Road Infrastructure Development Company of
Rajasthan Ltd. v. ACIT [ITA Nos. 668 to 670/JP/2019, dt. 31-7-2020] : 2020
TaxPub(DT) 3025 (Jp.-Trib.)
1. Alternate claim of expenditure incurred to increase
authorised capital under section 35D instead of section 37(1).
2. Allowability of legal and professional expenses for an
aborted IPO.
Facts:
Assessee in the infrastructure business of building roads
raised two appellate issues before ITAT --
1. Expenditure to increase
authorised capital for a planned IPO is an allowable expense. This was negated
by assessing officer/Commissioner (Appeals) holding it to be a capital
expenditure. It was the assessee's claim that if the expenditure could not be
allowed under section 37(1) then it be considered under section 35D as the same
was manifested for building new road projects.
2. Professional and legal fees
paid for the IPO be allowed as an expenditure as the said idea of IPO itself
was shelved thereby it becoming infructuous expenditure.
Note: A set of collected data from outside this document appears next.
(* Let $F$ be a field and $f\in F[t]$ a monic irreducible polynomial of degree $d\ge1$. Then $B_f(F(t))$ is generated, as a $\mathbb{Q}$-vector space, by $B_{d-1}(F(t))$ together with the elements $\{x_f(a,b)\}_2$, $a,b\in (F[t]/(f))^*$.
   Context: For a field $K$, $K^*$ means $K^*\otimes_{\mathbb{Z}}\mathbb{Q}$, exterior powers are over $\mathbb{Q}$. $B_2(K)=\mathbb{Q}[\mathbb{P}^1(K)]/R_2(K)$ with $\mathbb{Q}[\mathbb{P}^1(K)]$ having basis $\{x\}_2$, $x\in\mathbb{P}^1(K)$, and $R_2(K)$ spanned by $\{0\}_2,\{\infty\}_2$ and $\sum_{i=1}^5(-1)^i\{r(x_1,\dots,\hat x_i,\dots,x_5)\}_2$ (pairwise distinct $x_j$, $r(a,b,c,d)=\frac{(a-b)(c-d)}{(c-b)(a-d)}$); $\delta_2(\{x\}_2)=x\wedge(1-x)$. For $e\ge 0$, $V_e\subset F(t)^*\otimes\mathbb{Q}$ is the span of nonzero polynomials of degree $\le e$, and $B_e(F(t))=\{y\in B_2(F(t)):\delta_2(y)\in\bigwedge^2V_e\}$. $F(t)^*_f$ is the span of $V_{d-1}$ and $f$, and $B_f(F(t))=\{y\in B_2(F(t)):\delta_2(y)\in\bigwedge^2F(t)^*_f\}$ (so $B_{d-1}(F(t))\subset B_f(F(t))$). For nonzero $a,b\in F[t]/(f)$: with $\overline a,\overline b$ the representatives of degree $<d$ and $r\ne0$ the remainder of $\overline a\,\overline b$ modulo $f$, $x_f(a,b)=\overline a\,\overline b/r\in F(t)^*$. *)

theory Defs
  imports "HOL-Computational_Algebra.Polynomial" "HOL-Computational_Algebra.Fraction_Field"
begin

text \<open>Q-vector spaces are modelled as rational-valued functions with pointwise operations
(free Q-vector spaces = finitely supported functions); subspaces of quotients are represented
by their preimages.\<close>

definition vzero :: "'b \<Rightarrow> rat" where "vzero = (\<lambda>_. 0)"
definition vadd :: "('b \<Rightarrow> rat) \<Rightarrow> ('b \<Rightarrow> rat) \<Rightarrow> 'b \<Rightarrow> rat" where
  "vadd u v = (\<lambda>x. u x + v x)"
definition vsub :: "('b \<Rightarrow> rat) \<Rightarrow> ('b \<Rightarrow> rat) \<Rightarrow> 'b \<Rightarrow> rat" where
  "vsub u v = (\<lambda>x. u x - v x)"
definition vscale :: "rat \<Rightarrow> ('b \<Rightarrow> rat) \<Rightarrow> 'b \<Rightarrow> rat" where
  "vscale c v = (\<lambda>x. c * v x)"
definition bas :: "'b \<Rightarrow> 'b \<Rightarrow> rat" where
  "bas b = (\<lambda>x. if x = b then 1 else 0)"

definition fin_supp :: "('b \<Rightarrow> rat) \<Rightarrow> bool" where
  "fin_supp v \<longleftrightarrow> finite {x. v x \<noteq> 0}"

inductive_set qspan :: "('b \<Rightarrow> rat) set \<Rightarrow> ('b \<Rightarrow> rat) set" for S where
  zero: "vzero \<in> qspan S"
| gen: "v \<in> S \<Longrightarrow> v \<in> qspan S"
| add: "u \<in> qspan S \<Longrightarrow> v \<in> qspan S \<Longrightarrow> vadd u v \<in> qspan S"
| scale: "v \<in> qspan S \<Longrightarrow> vscale c v \<in> qspan S"

type_synonym 'a ratfun = "'a poly fract"

definition pfr :: "'a::field poly \<Rightarrow> 'a ratfun" where
  "pfr p = Fract p 1"

text \<open>Exterior square of K^* tensor Q, as Q[K^x \<times> K^x] modulo the subspace wedge_rel:
biadditivity in each argument (multiplicatively) and alternation.\<close>
definition wedge_rel :: "('k::field \<times> 'k \<Rightarrow> rat) set" where
  "wedge_rel =
     {vsub (vsub (bas (u * v, w)) (bas (u, w))) (bas (v, w)) | u v w. u \<noteq> 0 \<and> v \<noteq> 0 \<and> w \<noteq> 0}
   \<union> {vsub (vsub (bas (u, v * w)) (bas (u, v))) (bas (u, w)) | u v w. u \<noteq> 0 \<and> v \<noteq> 0 \<and> w \<noteq> 0}
   \<union> {bas (u, u) | u. u \<noteq> 0}"

text \<open>Membership in the image of wedge^2 of the Q-subspace of K^* tensor Q spanned by the
set G of nonzero elements of K: z lies in span of (g \<and> h), g,h \<in> G, modulo wedge_rel.\<close>
definition in_wedge2 :: "'k::field set \<Rightarrow> ('k \<times> 'k \<Rightarrow> rat) \<Rightarrow> bool" where
  "in_wedge2 G z \<longleftrightarrow> z \<in> qspan (wedge_rel \<union> {bas (g, h) | g h. g \<in> G \<and> h \<in> G})"

text \<open>P^1(K) = 'k option, None = \<infinity>.  Lift of delta_2 to Q[P^1(K)]:
{x}_2 \<mapsto> x \<and> (1-x) for x \<notin> {0,1,\<infinity>}, and 0 otherwise.\<close>
definition delta_gen :: "'k::field option \<Rightarrow> ('k \<times> 'k \<Rightarrow> rat)" where
  "delta_gen p = (case p of None \<Rightarrow> vzero
     | Some x \<Rightarrow> if x \<noteq> 0 \<and> x \<noteq> 1 then bas (x, 1 - x) else vzero)"

definition delta2 :: "('k::field option \<Rightarrow> rat) \<Rightarrow> ('k \<times> 'k \<Rightarrow> rat)" where
  "delta2 y = (\<lambda>z. \<Sum>x\<in>{x. y x \<noteq> 0}. y x * delta_gen x z)"

text \<open>Cross ratio on P^1(K) (for pairwise distinct arguments), extended to \<infinity> by continuity.\<close>
definition cross_ratio :: "'k::field option \<Rightarrow> 'k option \<Rightarrow> 'k option \<Rightarrow> 'k option \<Rightarrow> 'k option" where
  "cross_ratio a b c d = (case (a, b, c, d) of
      (Some a, Some b, Some c, Some d) \<Rightarrow> Some ((a - b) * (c - d) / ((c - b) * (a - d)))
    | (None, Some b, Some c, Some d) \<Rightarrow> Some ((c - d) / (c - b))
    | (Some a, None, Some c, Some d) \<Rightarrow> Some ((c - d) / (a - d))
    | (Some a, Some b, None, Some d) \<Rightarrow> Some ((a - b) / (a - d))
    | (Some a, Some b, Some c, None) \<Rightarrow> Some ((a - b) / (c - b))
    | _ \<Rightarrow> None)"

definition five_term :: "'k::field option \<Rightarrow> 'k option \<Rightarrow> 'k option \<Rightarrow> 'k option \<Rightarrow> 'k option
    \<Rightarrow> ('k option \<Rightarrow> rat)" where
  "five_term x1 x2 x3 x4 x5 =
     (\<lambda>p. - bas (cross_ratio x2 x3 x4 x5) p + bas (cross_ratio x1 x3 x4 x5) p
          - bas (cross_ratio x1 x2 x4 x5) p + bas (cross_ratio x1 x2 x3 x5) p
          - bas (cross_ratio x1 x2 x3 x4) p)"

definition R2_gens :: "('k::field option \<Rightarrow> rat) set" where
  "R2_gens = {bas (Some 0), bas None} \<union>
     {five_term x1 x2 x3 x4 x5 | x1 x2 x3 x4 x5. distinct [x1, x2, x3, x4, x5]}"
Held in favour of the assessee on both points --
1. The alternate claim under
section 35D be considered in lieu of section 37 for expense in connection with
increasing authorised capital.
2. The legal and professional
expense for the shelved IPO is an allowable expenditure under section 37.
Editorial Note: The
verdict discusses a catena of decisions on disallowance of expenditure incurred
for increasing authorised capital including the landmark decisions of Brooke
Bond (1997) 225 ITR 798 (SC) : 1997 TaxPub(DT) 1116 (SC) and Punjab
State Industrial Development Corporation (1997) 93 Taxman 5 (SC) : 1997
TaxPub(DT) 0919 (SC). It also brings forth the fact that certain
expenditure under section 35D are allowable though they are capital or have
been held as capital expenditure in nature elsewhere in the tax law. Even the
legal and professional expenditure of the shelved IPO would deserve
consideration under section 35D it not under section 37 especially prima facie
it being infructuous in nature. Expenditure for an aborted IPO is an allowable
expense is no longer res integra as held in Nimbus Communications
Ltd. v. ACIT [ITA No. 2361 (Mum) of 2007, dated 28-1-2010] : 2010 TaxPub(DT)
1393 (Mum-Trib) subsequently upheld by Bombay High Court in ITA No.
4244/2010, dated 8-12-2011.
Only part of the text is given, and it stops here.